(Saved data entries)
(* Let $p$ be a prime, $X$ a compact space, and $q\in\mathbb{N}$ a prime different from $p$. Then for all $f,g\in C(X,\mathbb{Q}_p)$: $g|^*f$ if and only if there exists $h\in C(X,\mathbb{Q}_p)$ with $h^q=g^q+pf^q$.
   Context: $C(X,\mathbb{Q}_p)$ is the ring of continuous functions $X\to\mathbb{Q}_p$. The canonical $p$-adic divisibility $|^*$ on it is defined by $g|^*f\Leftrightarrow v_p(g(x))\le v_p(f(x))$ for all $x\in X$, where $v_p$ is the $p$-adic valuation (with $v_p(0)=\infty$). *)

theory Defs
  imports "HOL-Computational_Algebra.Computational_Algebra" "HOL-Library.Extended_Real"
begin

definition rat_vp :: "nat \<Rightarrow> rat \<Rightarrow> int" where
  "rat_vp p r = (case quotient_of r of (a, b) \<Rightarrow>
      int (multiplicity (int p) a) - int (multiplicity (int p) b))"

definition rat_vge :: "nat \<Rightarrow> rat \<Rightarrow> int \<Rightarrow> bool" where
  "rat_vge p r n \<longleftrightarrow> r = 0 \<or> rat_vp p r \<ge> n"

definition padic_cauchy :: "nat \<Rightarrow> (nat \<Rightarrow> rat) \<Rightarrow> bool" where
  "padic_cauchy p s \<longleftrightarrow> (\<forall>n::int. \<exists>N. \<forall>m\<ge>N. \<forall>k\<ge>N. rat_vge p (s m - s k) n)"

definition padic_null :: "nat \<Rightarrow> (nat \<Rightarrow> rat) \<Rightarrow> bool" where
  "padic_null p s \<longleftrightarrow> (\<forall>n::int. \<exists>N. \<forall>m\<ge>N. rat_vge p (s m) n)"

definition padic_rel :: "nat \<Rightarrow> ((nat \<Rightarrow> rat) \<times> (nat \<Rightarrow> rat)) set" where
  "padic_rel p = {(s, t). padic_cauchy p s \<and> padic_cauchy p t \<and> padic_null p (\<lambda>n. s n - t n)}"

type_synonym qp = "(nat \<Rightarrow> rat) set"

text \<open>The field Q_p: the completion of Q w.r.t. the p-adic absolute value,
  as equivalence classes of p-adic Cauchy sequences.\<close>
definition Qp :: "nat \<Rightarrow> qp set" where
  "Qp p = {s. padic_cauchy p s} // padic_rel p"

definition qp_of_rat :: "nat \<Rightarrow> rat \<Rightarrow> qp" where
  "qp_of_rat p r = padic_rel p `` {\<lambda>_. r}"

definition qp_add :: "nat \<Rightarrow> qp \<Rightarrow> qp \<Rightarrow> qp" where
  "qp_add p x y = \<Union>{padic_rel p `` {\<lambda>n. s n + t n} | s t. s \<in> x \<and> t \<in> y}"

definition qp_mult :: "nat \<Rightarrow> qp \<Rightarrow> qp \<Rightarrow> qp" where
  "qp_mult p x y = \<Union>{padic_rel p `` {\<lambda>n. s n * t n} | s t. s \<in> x \<and> t \<in> y}"

definition qp_neg :: "nat \<Rightarrow> qp \<Rightarrow> qp" where
  "qp_neg p x = \<Union>{padic_rel p `` {\<lambda>n. - s n} | s. s \<in> x}"

definition qp_pow :: "nat \<Rightarrow> qp \<Rightarrow> nat \<Rightarrow> qp" where
  "qp_pow p x k = (qp_mult p x ^^ k) (qp_of_rat p 1)"

definition qp_val :: "nat \<Rightarrow> qp \<Rightarrow> ereal" where
  "qp_val p x = (if x = qp_of_rat p 0 then \<infinity>
     else ereal (of_int (THE v. \<exists>s\<in>x. \<exists>N. \<forall>n\<ge>N. s n \<noteq> 0 \<and> rat_vp p (s n) = v)))"

definition qp_continuous :: "nat \<Rightarrow> ('a::topological_space \<Rightarrow> qp) \<Rightarrow> bool" where
  "qp_continuous p f \<longleftrightarrow> (\<forall>x. f x \<in> Qp p) \<and>
     (\<forall>x (n::int). \<exists>U. open U \<and> x \<in> U \<and>
        (\<forall>y\<in>U. qp_val p (qp_add p (f y) (qp_neg p (f x))) \<ge> ereal (of_int n)))"

definition padic_dvd_star :: "nat \<Rightarrow> ('a \<Rightarrow> qp) \<Rightarrow> ('a \<Rightarrow> qp) \<Rightarrow> bool" where
  "padic_dvd_star p g f \<longleftrightarrow> (\<forall>x. qp_val p (g x) \<le> qp_val p (f x))"

end

theory Submission
  imports Defs
begin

→ What the exercise asks
Copy out the records once more, exactly as they are written.

→ Response box
(* Let $p$ be a prime, $X$ a compact space, and $q\in\mathbb{N}$ a prime different from $p$. Then for all $f,g\in C(X,\mathbb{Q}_p)$: $g|^*f$ if and only if there exists $h\in C(X,\mathbb{Q}_p)$ with $h^q=g^q+pf^q$.
   Context: $C(X,\mathbb{Q}_p)$ is the ring of continuous functions $X\to\mathbb{Q}_p$. The canonical $p$-adic divisibility $|^*$ on it is defined by $g|^*f\Leftrightarrow v_p(g(x))\le v_p(f(x))$ for all $x\in X$, where $v_p$ is the $p$-adic valuation (with $v_p(0)=\infty$). *)

theory Defs
  imports "HOL-Computational_Algebra.Computational_Algebra" "HOL-Library.Extended_Real"
begin

definition rat_vp :: "nat \<Rightarrow> rat \<Rightarrow> int" where
  "rat_vp p r = (case quotient_of r of (a, b) \<Rightarrow>
      int (multiplicity (int p) a) - int (multiplicity (int p) b))"

definition rat_vge :: "nat \<Rightarrow> rat \<Rightarrow> int \<Rightarrow> bool" where
  "rat_vge p r n \<longleftrightarrow> r = 0 \<or> rat_vp p r \<ge> n"

definition padic_cauchy :: "nat \<Rightarrow> (nat \<Rightarrow> rat) \<Rightarrow> bool" where
  "padic_cauchy p s \<longleftrightarrow> (\<forall>n::int. \<exists>N. \<forall>m\<ge>N. \<forall>k\<ge>N. rat_vge p (s m - s k) n)"

definition padic_null :: "nat \<Rightarrow> (nat \<Rightarrow> rat) \<Rightarrow> bool" where
  "padic_null p s \<longleftrightarrow> (\<forall>n::int. \<exists>N. \<forall>m\<ge>N. rat_vge p (s m) n)"

definition padic_rel :: "nat \<Rightarrow> ((nat \<Rightarrow> rat) \<times> (nat \<Rightarrow> rat)) set" where
  "padic_rel p = {(s, t). padic_cauchy p s \<and> padic_cauchy p t \<and> padic_null p (\<lambda>n. s n - t n)}"

type_synonym qp = "(nat \<Rightarrow> rat) set"

text \<open>The field Q_p: the completion of Q w.r.t. the p-adic absolute value,
  as equivalence classes of p-adic Cauchy sequences.\<close>
definition Qp :: "nat \<Rightarrow> qp set" where
  "Qp p = {s. padic_cauchy p s} // padic_rel p"

definition qp_of_rat :: "nat \<Rightarrow> rat \<Rightarrow> qp" where
  "qp_of_rat p r = padic_rel p `` {\<lambda>_. r}"

definition qp_add :: "nat \<Rightarrow> qp \<Rightarrow> qp \<Rightarrow> qp" where
  "qp_add p x y = \<Union>{padic_rel p `` {\<lambda>n. s n + t n} | s t. s \<in> x \<and> t \<in> y}"

definition qp_mult :: "nat \<Rightarrow> qp \<Rightarrow> qp \<Rightarrow> qp" where
  "qp_mult p x y = \<Union>{padic_rel p `` {\<lambda>n. s n * t n} | s t. s \<in> x \<and> t \<in> y}"

definition qp_neg :: "nat \<Rightarrow> qp \<Rightarrow> qp" where
  "qp_neg p x = \<Union>{padic_rel p `` {\<lambda>n. - s n} | s. s \<in> x}"

definition qp_pow :: "nat \<Rightarrow> qp \<Rightarrow> nat \<Rightarrow> qp" where
  "qp_pow p x k = (qp_mult p x ^^ k) (qp_of_rat p 1)"

definition qp_val :: "nat \<Rightarrow> qp \<Rightarrow> ereal" where
  "qp_val p x = (if x = qp_of_rat p 0 then \<infinity>
     else ereal (of_int (THE v. \<exists>s\<in>x. \<exists>N. \<forall>n\<ge>N. s n \<noteq> 0 \<and> rat_vp p (s n) = v)))"

definition qp_continuous :: "nat \<Rightarrow> ('a::topological_space \<Rightarrow> qp) \<Rightarrow> bool" where
  "qp_continuous p f \<longleftrightarrow> (\<forall>x. f x \<in> Qp p) \<and>
     (\<forall>x (n::int). \<exists>U. open U \<and> x \<in> U \<and>
        (\<forall>y\<in>U. qp_val p (qp_add p (f y) (qp_neg p (f x))) \<ge> ereal (of_int n)))"

definition padic_dvd_star :: "nat \<Rightarrow> ('a \<Rightarrow> qp) \<Rightarrow> ('a \<Rightarrow> qp) \<Rightarrow> bool" where
  "padic_dvd_star p g f \<longleftrightarrow> (\<forall>x. qp_val p (g x) \<le> qp_val p (f x))"

end

theory Submission
  imports Defs
begin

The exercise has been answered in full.